■ Your assignment:
If a line comes after the one containing "(auto simp: compact_space_subtopology)", leave it out; copy every line before it, and that line too, exactly as written, starting from the first line of the entries.

■ Dataset items:
*** Begin section ***

lemma mtopology_eq_euclidean:
  assumes "compact S" and cont: "\<And>x. x \<in> S \<Longrightarrow> continuous_on S (m x)"
  shows "Metric_space.mtopology S m = subtopology euclidean S"
proof -
  have "continuous_map (subtopology euclidean S) (Metric_space.mtopology S m) id"
    unfolding Metric_space.continuous_map_to_metric[OF ms]
  proof (intro ballI allI impI)
    fix x e assume "x \<in> topspace (subtopology euclidean S)" "(0::real) < e"
    then have x: "x \<in> S" and e: "e > 0"
      by auto
    obtain \<delta> where \<delta>: "\<delta> > 0" "\<forall>y\<in>S. dist y x < \<delta> \<longrightarrow> dist (m x y) (m x x) < e"
      using cont[OF x] x e unfolding continuous_on_iff by blast
    show "\<exists>U. openin (subtopology euclidean S) U \<and> x \<in> U \<and>
            (\<forall>y\<in>U. id y \<in> Metric_space.mball S m (id x) e)"
    proof (intro exI[of _ "ball x \<delta> \<inter> S"] conjI ballI)
      show "openin (subtopology euclidean S) (ball x \<delta> \<inter> S)"
        unfolding openin_subtopology by auto
      show "x \<in> ball x \<delta> \<inter> S"
        using x \<delta> by auto
      fix y assume y: "y \<in> ball x \<delta> \<inter> S"
      then have "dist y x < \<delta>"
        by (simp add: dist_commute)
      then have "dist (m x y) (m x x) < e"
        using \<delta> y by blast
      then have "m x y < e"
        using x Metric_space.zero[OF ms, of x x] by (simp add: dist_real_def)
      then show "id y \<in> Metric_space.mball S m (id x) e"
        using x y Metric_space.in_mball[OF ms] by simp
    qed
  qed
  then have "homeomorphic_map (subtopology euclidean S) (Metric_space.mtopology S m) id"
    using Metric_space.Hausdorff_space_mtopology[OF ms] Metric_space.topspace_mtopology[OF ms]
      \<open>compact S\<close> by (intro continuous_imp_homeomorphic_map) (auto simp: compact_space_subtopology)
  then show ?thesis
    by simp
qed

end

section \<open>The curve of a Ptolemy interval\<close>

lemma unit_restrict_eq [simp]: "x \<in> {0..1} \<Longrightarrow> y \<in> {0..1} \<Longrightarrow> unit_restrict d x y = d x y"
  by (simp add: unit_restrict_def)

context
  fixes d :: "real \<Rightarrow> real \<Rightarrow> real"
  assumes P: "ptolemy_interval d"
begin

lemma ptolemy_metric_space: "Metric_space {0..1} (unit_restrict d)"
  using P by (simp add: ptolemy_interval_def)

lemma ptolemy_mtopology: "Metric_space.mtopology {0..1} (unit_restrict d) = subtopology euclidean {0..1}"
  using P by (simp add: ptolemy_interval_def)

lemma ptolemy_equality:
  "0 \<le> x1 \<Longrightarrow> x1 \<le> x2 \<Longrightarrow> x2 \<le> x3 \<Longrightarrow> x3 \<le> x4 \<Longrightarrow> x4 \<le> 1 \<Longrightarrow>
     d x1 x3 * d x2 x4 = d x1 x2 * d x3 x4 + d x1 x4 * d x3 x2"
  using P unfolding ptolemy_interval_def by blast

lemma ptolemy_nonneg: "x \<in> {0..1} \<Longrightarrow> y \<in> {0..1} \<Longrightarrow> 0 \<le> d x y"
  using Metric_space.nonneg[OF ptolemy_metric_space, of x y] by simp

lemma ptolemy_commute: "x \<in> {0..1} \<Longrightarrow> y \<in> {0..1} \<Longrightarrow> d x y = d y x"
  using Metric_space.commute[OF ptolemy_metric_space, of x y] by simp

lemma ptolemy_eq_0_iff: "x \<in> {0..1} \<Longrightarrow> y \<in> {0..1} \<Longrightarrow> d x y = 0 \<longleftrightarrow> x = y"
  using Metric_space.zero[OF ptolemy_metric_space, of x y] by simp
(* Let $I$ be a prime ideal of $\mathbb{R}[x]=\mathbb{R}[x_1,\dots,x_n]$ such that $I'=\mathbb{C}[x]I$ is not prime in $\mathbb{C}[x]$. Then there exists an irreducible polynomial $g\in\mathbb{C}[x]\setminus I'$ such that $g\overline{g}\in I$.
   Context: $\mathbb{C}[x]I=\{\sum p_ih_i: p_i\in\mathbb{C}[x],h_i\in I\}$ is the ideal of $\mathbb{C}[x]$ generated by $I$. For $g=\sum_a g_a x^a\in\mathbb{C}[x]$, $\overline{g}=\sum_a\overline{g_a}x^a$ (coefficientwise complex conjugation). *)

theory Defs
  imports Complex_Main "HOL-Library.Poly_Mapping" "HOL-Computational_Algebra.Factorial_Ring"
begin

type_synonym ('v, 'a) mpoly = "('v \<Rightarrow>\<^sub>0 nat) \<Rightarrow>\<^sub>0 'a"

definition is_ideal :: "'a::comm_ring_1 set \<Rightarrow> bool" where
  "is_ideal I \<longleftrightarrow> 0 \<in> I \<and> (\<forall>a\<in>I. \<forall>b\<in>I. a + b \<in> I) \<and> (\<forall>r a. a \<in> I \<longrightarrow> r * a \<in> I)"

definition prime_ideal :: "'a::comm_ring_1 set \<Rightarrow> bool" where
  "prime_ideal I \<longleftrightarrow> is_ideal I \<and> 1 \<notin> I \<and> (\<forall>a b. a * b \<in> I \<longrightarrow> a \<in> I \<or> b \<in> I)"

definition ideal_gen :: "'a::comm_ring_1 set \<Rightarrow> 'a set" where
  "ideal_gen S = {(\<Sum>i<m. p i * h i) | (m::nat) (p::nat \<Rightarrow> 'a) (h::nat \<Rightarrow> 'a). \<forall>i<m. h i \<in> S}"

definition complexify :: "('v, real) mpoly \<Rightarrow> ('v, complex) mpoly" where
  "complexify f = Poly_Mapping.map complex_of_real f"

definition conj_poly :: "('v, complex) mpoly \<Rightarrow> ('v, complex) mpoly" where
  "conj_poly g = Poly_Mapping.map cnj g"

end

theory Submission
  imports Defs "HOL-Library.Countable"
begin

text \<open>Write \<open>J\<close> for the extension of \<open>I\<close> to \<open>\<complex>[x]\<close>. Every complex polynomial is
  \<open>a + i b\<close> with \<open>a, b\<close> real, and \<open>J\<close> consists exactly of those with \<open>a, b \<in> I\<close>; in
  particular \<open>J \<inter> \<real>[x] = I\<close>. The norm \<open>N g = g \<cdot> conj g\<close> is a real polynomial and is
  multiplicative. If \<open>a b \<in> J\<close> with \<open>a, b \<notin> J\<close>, then \<open>N a \<cdot> N b = N (a b) \<in> J \<inter> \<real>[x] = I\<close>,
  so some \<open>g \<notin> J\<close> has \<open>N g \<in> I\<close>. Such a \<open>g\<close> whose leading monomial has least degree is
  irreducible: if \<open>g = c d\<close>, primality of \<open>I\<close> puts \<open>c\<close> or \<open>d\<close> in the same situation, so the
  other factor has a constant leading monomial and is a unit.\<close>

lemma lookup_times_sum:
  fixes f g :: "'m::comm_monoid_add \<Rightarrow>\<^sub>0 'a::comm_semiring_0"
  assumes "finite A" "Poly_Mapping.keys f \<subseteq> A" "finite B" "Poly_Mapping.keys g \<subseteq> B"
  shows "Poly_Mapping.lookup (f * g) k =
    (\<Sum>(a, b)\<in>A \<times> B. if k = a + b then Poly_Mapping.lookup f a * Poly_Mapping.lookup g b else 0)"
proof -
  have "Poly_Mapping.lookup (f * g) k =
      (\<Sum>(a, b). Poly_Mapping.lookup f a * Poly_Mapping.lookup g b when k = a + b)"
    by (simp add: times_poly_mapping.rep_eq prod_fun_unfold_prod)
  also have "\<dots> = (\<Sum>(a, b)\<in>A \<times> B. Poly_Mapping.lookup f a * Poly_Mapping.lookup g b when k = a + b)"
    using assms by (intro Sum_any.expand_superset)
      (auto simp: when_def in_keys_iff subset_iff dest!: mult_not_zero)
  finally show ?thesis
    by (simp add: when_def)
qed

*** End section ***

■ Response box:
lemma mtopology_eq_euclidean:
  assumes "compact S" and cont: "\<And>x. x \<in> S \<Longrightarrow> continuous_on S (m x)"
  shows "Metric_space.mtopology S m = subtopology euclidean S"
proof -
  have "continuous_map (subtopology euclidean S) (Metric_space.mtopology S m) id"
    unfolding Metric_space.continuous_map_to_metric[OF ms]
  proof (intro ballI allI impI)
    fix x e assume "x \<in> topspace (subtopology euclidean S)" "(0::real) < e"
    then have x: "x \<in> S" and e: "e > 0"
      by auto
    obtain \<delta> where \<delta>: "\<delta> > 0" "\<forall>y\<in>S. dist y x < \<delta> \<longrightarrow> dist (m x y) (m x x) < e"
      using cont[OF x] x e unfolding continuous_on_iff by blast
    show "\<exists>U. openin (subtopology euclidean S) U \<and> x \<in> U \<and>
            (\<forall>y\<in>U. id y \<in> Metric_space.mball S m (id x) e)"
    proof (intro exI[of _ "ball x \<delta> \<inter> S"] conjI ballI)
      show "openin (subtopology euclidean S) (ball x \<delta> \<inter> S)"
        unfolding openin_subtopology by auto
      show "x \<in> ball x \<delta> \<inter> S"
        using x \<delta> by auto
      fix y assume y: "y \<in> ball x \<delta> \<inter> S"
      then have "dist y x < \<delta>"
        by (simp add: dist_commute)
      then have "dist (m x y) (m x x) < e"
        using \<delta> y by blast
      then have "m x y < e"
        using x Metric_space.zero[OF ms, of x x] by (simp add: dist_real_def)
      then show "id y \<in> Metric_space.mball S m (id x) e"
        using x y Metric_space.in_mball[OF ms] by simp
    qed
  qed
  then have "homeomorphic_map (subtopology euclidean S) (Metric_space.mtopology S m) id"
    using Metric_space.Hausdorff_space_mtopology[OF ms] Metric_space.topspace_mtopology[OF ms]
      \<open>compact S\<close> by (intro continuous_imp_homeomorphic_map) (auto simp: compact_space_subtopology)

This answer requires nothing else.